**PROBLEM**. Reproduce exactly the opening lines of the listing, stopping after the line that contains "(if w = [\<tau>, \<gamma>, \<gamma>]" and including it.

**INPUT DATA**.
lemma decomp_block_subst_tame:
  assumes "tame_code D" "tame_code D'" "tame_subst D f D'" "y \<in> Om"
  shows "decomp D' (block_subst D f y) j = f (decomp D y j)"
  using decomp_block_subst[OF tame_code_admissible[OF assms(1)] _ dec_len_block_subst[OF assms(1-3)]]
    tame_subst_nonempty[OF tame_code_admissible[OF assms(1)] assms(3)] assms(4)
  by blast

end

section \<open>The codes of M and M'\<close>

definition g0' :: "nat \<Rightarrow> nat \<Rightarrow> nat \<Rightarrow> nat \<Rightarrow> nat list \<Rightarrow> nat list" where
  "g0' \<tau> \<kappa> \<alpha> \<gamma> w =
    (if w = [\<tau>, \<gamma>, \<gamma>] then [\<kappa>, \<kappa>, \<gamma>]
     else if \<exists>k. w = \<kappa> # replicate k \<alpha> @ [\<kappa>, \<gamma>, \<gamma>] then \<kappa> # replicate (length w - 3) \<alpha> @ [\<kappa>, \<gamma>]
     else if \<exists>k. w = \<kappa> # replicate k \<alpha> @ [\<kappa>, \<gamma>] then \<tau> # replicate (length w - 1) \<gamma>
     else w)"

context letter_roles
begin

lemma CM_last: "w \<in> CM \<tau> \<kappa> \<alpha> \<gamma> \<Longrightarrow> last w = \<gamma> \<and> 3 \<le> length w"
  unfolding CM_def by auto

lemma CM'_last: "w \<in> CM' \<tau> \<kappa> \<alpha> \<gamma> \<Longrightarrow> last w = \<gamma> \<and> 3 \<le> length w"
  unfolding CM'_def by auto

lemma admissible_code_DM: "admissible_code N \<kappa> DM"
proof (rule admissible_code_Un_letters)
  show "CM \<tau> \<kappa> \<alpha> \<gamma> \<subseteq> lists (Alph N)"
    using tau_Alph kappa_Alph alpha_Alph gamma_Alph unfolding CM_def by auto
qed (use CM_last kappa_gamma in force)

lemma admissible_code_DM': "admissible_code N \<kappa> DM'"
proof (rule admissible_code_Un_letters)
  show "CM' \<tau> \<kappa> \<alpha> \<gamma> \<subseteq> lists (Alph N)"
    using tau_Alph kappa_Alph alpha_Alph gamma_Alph unfolding CM'_def by auto
qed (use CM'_last kappa_gamma in force)

lemma tau_gamma_gamma_in_CM: "[\<tau>, \<gamma>, \<gamma>] \<in> CM \<tau> \<kappa> \<alpha> \<gamma>"
  unfolding CM_def by (auto intro!: exI[of _ 2] simp: numeral_eq_Suc)

lemma last_ne_gamma_if_strict_prefix:
  assumes "u @ s = \<kappa> # replicate j \<alpha> @ [\<kappa>, \<gamma>]" "s \<noteq> []" "u \<noteq> []"
  shows "last u \<noteq> \<gamma>"
proof -
  have "last u \<in> set (\<kappa> # replicate j \<alpha> @ [\<kappa>])"
    by (rule last_mem_if_append_eq_snoc) (use assms in simp_all)
  then show ?thesis using kappa_gamma alpha_gamma by auto
qed

lemma DM_cases:
  assumes "u \<in> DM"
  obtains c where "u = [c]" | "u \<in> CM \<tau> \<kappa> \<alpha> \<gamma>" "last u = \<gamma>" "3 \<le> length u"
  using assms CM_last unfolding letters_def by blast

lemma DM'_cases:
  assumes "u \<in> DM'"
  obtains c where "u = [c]" | "u \<in> CM' \<tau> \<kappa> \<alpha> \<gamma>" "last u = \<gamma>" "3 \<le> length u"
  using assms CM'_last unfolding letters_def by blast

lemma tame_extension_DM_tau_gammas:
  assumes u: "u \<in> DM" and us: "u @ s = \<tau> # replicate k \<gamma>" and k: "2 \<le> k" and s: "s \<noteq> []"
  shows "tame_extension DM u s"
  using u
proof (cases rule: DM_cases)
  case (1 c)
  moreover obtain k' where "k = Suc (Suc k')" using k by (metis add_2_eq_Suc le_Suc_ex)
  ultimately have "u = [\<tau>]" "s = \<gamma> # \<gamma> # replicate k' \<gamma>" using us by simp_all
  then show ?thesis by (simp add: tame_extension_def)
next
  case 2
  obtain u' where u': "u = \<tau> # u'" and u's: "u' @ s = replicate k \<gamma>"
    using us 2(3) by (cases u) auto
  have "\<forall>y\<in>set u'. y = \<gamma>" "\<forall>y\<in>set s. y = \<gamma>" using arg_cong[OF u's, of set] by auto
  then have u'_gammas: "u' = replicate (length u') \<gamma>" and s_gammas: "s = replicate (length s) \<gamma>"
    using replicate_length_same by metis+
  have "u @ [\<gamma>] = \<tau> # replicate (Suc (length u')) \<gamma>"
    using u' u'_gammas by (metis append_Cons replicate_append_same replicate_Suc)
  moreover have "2 \<le> Suc (length u')" using 2(3) u' by simp
  ultimately have "u @ [\<gamma>] \<in> DM" unfolding CM_def by blast
  moreover have "prefix [\<gamma>] s" using s_gammas s by (cases s) auto
  moreover have "2 \<le> length u" using 2(3) by simp
  ultimately show ?thesis by (simp add: tame_extension_def)
qed

lemma tame_code_DM: "tame_code DM"
proof -
  have "tame_extension DM u s" if u: "u \<in> DM" and us: "u @ s \<in> DM" and s: "s \<noteq> []" for u s
  proof -
    have "u \<noteq> []" using admissible_code_nonempty[OF admissible_code_DM u] .
    then have "u @ s \<in> CM \<tau> \<kappa> \<alpha> \<gamma>"
      using us s unfolding letters_def by (auto simp: append_eq_Cons_conv)
    then consider (tau) k where "2 \<le> k" "u @ s = \<tau> # replicate k \<gamma>"
      | (kappa) j where "u @ s = \<kappa> # replicate j \<alpha> @ [\<kappa>, \<gamma>]"
      unfolding CM_def by blast
    then show ?thesis
    proof cases
      case tau
      then show ?thesis using tame_extension_DM_tau_gammas u s by blast
    next
      case kappa
      from u show ?thesis
      proof (cases rule: DM_cases)
        case 2
        then show ?thesis using last_ne_gamma_if_strict_prefix[OF kappa s \<open>u \<noteq> []\<close>] by simp
      qed (use kappa in \<open>auto simp: tame_extension_def\<close>)
    qed
  qed
  moreover have "\<kappa> # replicate j \<alpha> @ [\<kappa>, \<gamma>] \<in> DM" for j unfolding CM_def by blast
  ultimately show ?thesis
    using admissible_code_DM tau_gamma_gamma_in_CM unfolding tame_code_def by blast
qed
(* Consider the finite volume scheme $q_i^{n+1}=q_i^n-\frac{\Delta t}{\Delta x_i}\big(\mathcal F_l(q_i^n,q_{i+1}^n)-\mathcal F_r(q_{i-1}^n,q_i^n)\big)$ described in the context, with pseudo-conservative variable $q=(h,hu,h\sigma_{xx},h\sigma_{zz})$, with relaxation speeds $c_l,c_r$ chosen as in the context, under the CFL condition $\Delta t\,A(q_i^n,q_{i+1}^n)\le\frac12\min(\Delta x_i,\Delta x_{i+1})$ for all $i$. Then: (i) it is consistent with the system of the context for smooth solutions; (ii) it keeps the positivity of $h,\sigma_{xx},\sigma_{zz}$: if all $q_i^n$ have $h>0,\sigma_{xx}>0,\sigma_{zz}>0$, so do all $q_i^{n+1}$; (iii) it is conservative in the variables $h$ and $hu$ (the first two components of $\mathcal F_l(q_l,q_r)$ and $\mathcal F_r(q_l,q_r)$ coincide); (iv) it satisfies the discrete energy inequality: there exists a numerical energy flux $\mathcal G(q_l,q_r)$ with $\mathcal G(q,q)=G(q)$ such that $E(q_i^{n+1})-E(q_i^n)+\frac{\Delta t}{\Delta x_i}\big(\mathcal G(q_i^n,q_{i+1}^n)-\mathcal G(q_{i-1}^n,q_i^n)\big)\le0$ for all $i$; (v) it satisfies the maximum principle on $s_{xx}$ and the minimum principle on $s_{zz}$: if for a constant $k>0$ one has $s_{xx}(q_i^n)\le k$ for all $i$ (resp. $s_{zz}(q_i^n)\ge k$ for all $i$), then $s_{xx}(q_i^{n+1})\le k$ (resp. $s_{zz}(q_i^{n+1})\ge k$) for all $i$; (vi) steady contact discontinuities where $u=0$ and $P$ is constant are exactly resolved: if $u_i^n=0$ for all $i$ and $P(q_i^n)$ does not depend on $i$, then $q_i^{n+1}=q_i^n$ for all $i$; (vii) data with bounded propagation speeds give finite numerical propagation speed: there is an absolute constant $C$ such that $A(q_l,q_r)\le C(|u_l|+|u_r|+a_l+a_r)$ for all states $q_l,q_r$; (viii) the numerical viscosity is sharp: as $q_l,q_r$ tend to a common state $q$, the speeds $\Sigma_1,\Sigma_2,\Sigma_3$ tend respectively to the exact characteristic speeds $u-\sqrt{\partial_hP|_{\boldsymbol s}},\ u,\ u+\sqrt{\partial_hP|_{\boldsymbol s}}$ evaluated at $q$.
   Context: We consider the one-dimensional system for $h\ge0$, velocity $u$, and $\sigma_{xx},\sigma_{zz}>0$: $\partial_t h+\partial_x(hu)=0$, $\partial_t(hu)+\partial_x(hu^2+P)=0$, $\partial_t(h\sigma_{xx})+\partial_x(h\sigma_{xx}u)-2h\sigma_{xx}\partial_xu=0$, $\partial_t(h\sigma_{zz})+\partial_x(h\sigma_{zz}u)+2h\sigma_{zz}\partial_xu=0$, with $P=g\frac{h^2}{2}+\frac{\eta_p}{2\lambda}h(\sigma_{zz}-\sigma_{xx})$, constants $g,\eta_p,\lambda>0$. States $q=(h,hu,h\sigma_{xx},h\sigma_{zz})$ with $h>0,\sigma_{xx}>0,\sigma_{zz}>0$. Set $\boldsymbol s=(s_{xx},s_{zz})=(\sigma_{xx}^{-1/2}/h,\ \sigma_{zz}^{1/2}/h)$; then $\partial_hP|_{\boldsymbol s}=gh+\frac{\eta_p}{2\lambda}(3\sigma_{zz}+\sigma_{xx})$. Energy $E(q)=h\frac{u^2}{2}+g\frac{h^2}{2}+\frac{\eta_p}{4\lambda}h(\sigma_{xx}+\sigma_{zz}-\ln(\sigma_{xx}\sigma_{zz})-2)$, energy flux $G(q)=(E+P)u$. Relaxation speeds: for states $q_l,q_r$, $P_l=P(q_l)$, $P_r=P(q_r)$, $a_l=\sqrt{\partial_hP|_{\boldsymbol s}(q_l)}$, $a_r=\sqrt{\partial_hP|_{\boldsymbol s}(q_r)}$, $\frac{c_l}{h_l}=a_l+2\big(\max(0,u_l-u_r)+\frac{\max(0,P_r-P_l)}{h_la_l+h_ra_r}\big)$, $\frac{c_r}{h_r}=a_r+2\big(\max(0,u_l-u_r)+\frac{\max(0,P_l-P_r)}{h_la_l+h_ra_r}\big)$. Riemann solver: $\pi_l=P_l$, $\pi_r=P_r$, $u^*=\frac{c_lu_l+c_ru_r+\pi_l-\pi_r}{c_l+c_r}$, $\pi^*=\frac{c_r\pi_l+c_l\pi_r-c_lc_r(u_r-u_l)}{c_l+c_r}$, $\frac1{h_l^*}=\frac1{h_l}+\frac{c_r(u_r-u_l)+\pi_l-\pi_r}{c_l(c_l+c_r)}$, $\frac1{h_r^*}=\frac1{h_r}+\frac{c_l(u_r-u_l)+\pi_r-\pi_l}{c_r(c_l+c_r)}$, $\sigma_{xx,l}^*=\sigma_{xx,l}(h_l/h_l^* )^2$, $\sigma_{xx,r}^*=\sigma_{xx,r}(h_r/h_r^* )^2$, $\sigma_{zz,l}^*=\sigma_{zz,l}(h_l^*/h_l)^2$, $\sigma_{zz,r}^*=\sigma_{zz,r}(h_r^*/h_r)^2$; $q_l^*=(h_l^*,h_l^*u^*,h_l^*\sigma_{xx,l}^*,h_l^*\sigma_{zz,l}^* )$, $q_r^*$ similarly; speeds $\Sigma_1=u_l-c_l/h_l$, $\Sigma_2=u^*$, $\Sigma_3=u_r+c_r/h_r$. The self-similar approximate solution equals $q_l$ (with $\pi=\pi_l$) for $\xi<\Sigma_1$, $q_l^*$ (with $\pi=\pi^*$) on $(\Sigma_1,\Sigma_2)$, $q_r^*$ (with $\pi=\pi^*$) on $(\Sigma_2,\Sigma_3)$, $q_r$ (with $\pi=\pi_r$) for $\xi>\Sigma_3$. Numerical fluxes: $\mathcal F_l=(\mathcal F^h,\mathcal F^{hu},\mathcal F_l^{h\sigma_{xx}},\mathcal F_l^{h\sigma_{zz}})$, $\mathcal F_r=(\mathcal F^h,\mathcal F^{hu},\mathcal F_r^{h\sigma_{xx}},\mathcal F_r^{h\sigma_{zz}})$, where $\mathcal F^h=hu$ and $\mathcal F^{hu}=hu^2+\pi$ evaluated in the self-similar solution at $\xi=0$; and, for $w=h\sigma_{xx}$ (resp. $w=h\sigma_{zz}$), $\mathcal F_l^{w}=(wu)_l+\min(0,\Sigma_1)(w_l^*-w_l)+\min(0,\Sigma_2)(w_r^*-w_l^* )+\min(0,\Sigma_3)(w_r-w_r^* )$ and $\mathcal F_r^{w}=(wu)_r-\max(0,\Sigma_1)(w_l^*-w_l)-\max(0,\Sigma_2)(w_r^*-w_l^* )-\max(0,\Sigma_3)(w_r-w_r^* )$. Mesh: cells $(x_{i-1/2},x_{i+1/2})$, $i\in\mathbb Z$, $\Delta x_i=x_{i+1/2}-x_{i-1/2}$, time step $\Delta t$; $A(q_l,q_r)=\max(|\Sigma_1|,|\Sigma_2|,|\Sigma_3|)$. *)

theory Defs
  imports "HOL-Analysis.Analysis"
begin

**YOUR SOLUTION**.
lemma decomp_block_subst_tame:
  assumes "tame_code D" "tame_code D'" "tame_subst D f D'" "y \<in> Om"
  shows "decomp D' (block_subst D f y) j = f (decomp D y j)"
  using decomp_block_subst[OF tame_code_admissible[OF assms(1)] _ dec_len_block_subst[OF assms(1-3)]]
    tame_subst_nonempty[OF tame_code_admissible[OF assms(1)] assms(3)] assms(4)
  by blast

end

section \<open>The codes of M and M'\<close>

definition g0' :: "nat \<Rightarrow> nat \<Rightarrow> nat \<Rightarrow> nat \<Rightarrow> nat list \<Rightarrow> nat list" where
  "g0' \<tau> \<kappa> \<alpha> \<gamma> w =
    (if w = [\<tau>, \<gamma>, \<gamma>] then [\<kappa>, \<kappa>, \<gamma>]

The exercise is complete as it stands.